_Your assignment_
Collect each line of the entries that holds the string "definition".
Information supplied Block Start
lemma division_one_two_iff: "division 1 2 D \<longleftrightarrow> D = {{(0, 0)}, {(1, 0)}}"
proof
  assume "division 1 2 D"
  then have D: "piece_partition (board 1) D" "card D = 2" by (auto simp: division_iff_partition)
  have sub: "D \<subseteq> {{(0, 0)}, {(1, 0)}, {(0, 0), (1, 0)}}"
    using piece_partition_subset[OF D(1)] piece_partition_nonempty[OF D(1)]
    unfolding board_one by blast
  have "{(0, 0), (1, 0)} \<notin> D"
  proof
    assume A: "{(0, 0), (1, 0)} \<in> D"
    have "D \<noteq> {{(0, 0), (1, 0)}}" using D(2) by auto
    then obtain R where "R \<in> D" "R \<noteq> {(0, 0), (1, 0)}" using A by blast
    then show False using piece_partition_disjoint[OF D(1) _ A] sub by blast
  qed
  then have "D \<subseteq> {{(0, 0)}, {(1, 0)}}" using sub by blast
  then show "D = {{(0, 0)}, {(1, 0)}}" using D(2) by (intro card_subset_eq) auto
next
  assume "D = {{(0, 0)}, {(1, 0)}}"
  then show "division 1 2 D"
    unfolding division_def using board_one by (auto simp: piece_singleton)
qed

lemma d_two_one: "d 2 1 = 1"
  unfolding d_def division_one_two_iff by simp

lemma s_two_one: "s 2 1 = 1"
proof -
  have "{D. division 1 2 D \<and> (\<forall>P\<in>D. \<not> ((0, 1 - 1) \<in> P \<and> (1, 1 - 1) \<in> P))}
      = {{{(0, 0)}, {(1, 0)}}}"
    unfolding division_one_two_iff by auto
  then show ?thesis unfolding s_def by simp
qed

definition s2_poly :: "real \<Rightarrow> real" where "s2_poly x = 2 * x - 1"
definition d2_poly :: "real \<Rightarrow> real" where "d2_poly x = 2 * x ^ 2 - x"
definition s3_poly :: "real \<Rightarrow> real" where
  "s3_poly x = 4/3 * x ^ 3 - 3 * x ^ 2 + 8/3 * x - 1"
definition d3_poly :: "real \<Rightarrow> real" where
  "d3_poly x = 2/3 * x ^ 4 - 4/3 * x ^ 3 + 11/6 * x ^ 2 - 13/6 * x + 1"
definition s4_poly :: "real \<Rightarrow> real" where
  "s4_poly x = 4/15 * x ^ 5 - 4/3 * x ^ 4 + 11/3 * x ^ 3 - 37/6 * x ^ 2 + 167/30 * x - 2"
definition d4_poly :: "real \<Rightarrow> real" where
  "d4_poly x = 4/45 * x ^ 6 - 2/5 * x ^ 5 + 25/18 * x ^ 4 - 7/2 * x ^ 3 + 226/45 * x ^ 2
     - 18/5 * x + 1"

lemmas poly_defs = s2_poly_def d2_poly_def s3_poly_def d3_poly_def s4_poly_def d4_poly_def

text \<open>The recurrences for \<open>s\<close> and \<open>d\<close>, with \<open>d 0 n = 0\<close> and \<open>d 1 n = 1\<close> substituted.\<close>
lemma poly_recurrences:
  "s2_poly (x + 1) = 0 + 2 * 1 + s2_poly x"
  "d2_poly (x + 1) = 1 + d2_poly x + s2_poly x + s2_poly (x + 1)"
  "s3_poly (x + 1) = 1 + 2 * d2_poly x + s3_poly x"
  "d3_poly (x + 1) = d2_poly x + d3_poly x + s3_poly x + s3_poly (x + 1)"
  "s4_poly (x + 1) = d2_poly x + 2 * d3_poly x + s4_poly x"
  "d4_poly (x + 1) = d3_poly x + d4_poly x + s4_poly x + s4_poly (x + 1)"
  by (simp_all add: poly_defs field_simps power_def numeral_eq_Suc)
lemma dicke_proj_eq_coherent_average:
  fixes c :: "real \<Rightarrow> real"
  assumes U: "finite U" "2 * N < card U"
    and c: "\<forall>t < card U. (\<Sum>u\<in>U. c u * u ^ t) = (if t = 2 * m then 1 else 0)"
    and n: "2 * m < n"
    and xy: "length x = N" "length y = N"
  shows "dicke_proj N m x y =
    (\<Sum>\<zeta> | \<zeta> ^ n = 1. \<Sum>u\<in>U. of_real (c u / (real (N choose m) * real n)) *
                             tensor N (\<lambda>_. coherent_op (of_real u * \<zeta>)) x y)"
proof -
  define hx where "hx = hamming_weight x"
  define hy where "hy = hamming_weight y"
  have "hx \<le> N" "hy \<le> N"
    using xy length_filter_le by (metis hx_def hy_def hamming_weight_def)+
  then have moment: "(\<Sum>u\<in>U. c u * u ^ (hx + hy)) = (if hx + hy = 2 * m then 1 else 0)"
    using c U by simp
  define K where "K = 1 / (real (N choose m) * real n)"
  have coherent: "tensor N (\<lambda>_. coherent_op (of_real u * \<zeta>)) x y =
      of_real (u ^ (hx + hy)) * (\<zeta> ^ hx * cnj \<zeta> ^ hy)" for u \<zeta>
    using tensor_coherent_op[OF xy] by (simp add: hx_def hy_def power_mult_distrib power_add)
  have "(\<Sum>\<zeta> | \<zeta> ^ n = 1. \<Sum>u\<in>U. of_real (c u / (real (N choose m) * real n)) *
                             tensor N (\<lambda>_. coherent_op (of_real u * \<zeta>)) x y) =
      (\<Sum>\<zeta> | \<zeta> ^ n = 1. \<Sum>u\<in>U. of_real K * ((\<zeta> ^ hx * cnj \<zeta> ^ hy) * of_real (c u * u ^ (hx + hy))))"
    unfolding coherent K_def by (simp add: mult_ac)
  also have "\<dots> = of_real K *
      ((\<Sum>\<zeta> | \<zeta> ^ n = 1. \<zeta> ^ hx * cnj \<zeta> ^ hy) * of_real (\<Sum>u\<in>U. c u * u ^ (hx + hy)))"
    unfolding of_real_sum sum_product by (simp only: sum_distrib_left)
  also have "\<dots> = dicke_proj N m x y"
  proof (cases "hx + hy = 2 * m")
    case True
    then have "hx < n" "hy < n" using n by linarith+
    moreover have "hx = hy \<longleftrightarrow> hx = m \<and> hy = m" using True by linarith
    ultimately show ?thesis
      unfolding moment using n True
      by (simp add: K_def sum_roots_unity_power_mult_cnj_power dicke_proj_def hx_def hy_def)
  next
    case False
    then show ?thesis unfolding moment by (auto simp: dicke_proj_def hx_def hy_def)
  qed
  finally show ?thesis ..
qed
Information supplied Block End
_Written solution_
definition s2_poly :: "real \<Rightarrow> real" where "s2_poly x = 2 * x - 1"
definition d2_poly :: "real \<Rightarrow> real" where "d2_poly x = 2 * x ^ 2 - x"
definition s3_poly :: "real \<Rightarrow> real" where
definition d3_poly :: "real \<Rightarrow> real" where
definition s4_poly :: "real \<Rightarrow> real" where
definition d4_poly :: "real \<Rightarrow> real" where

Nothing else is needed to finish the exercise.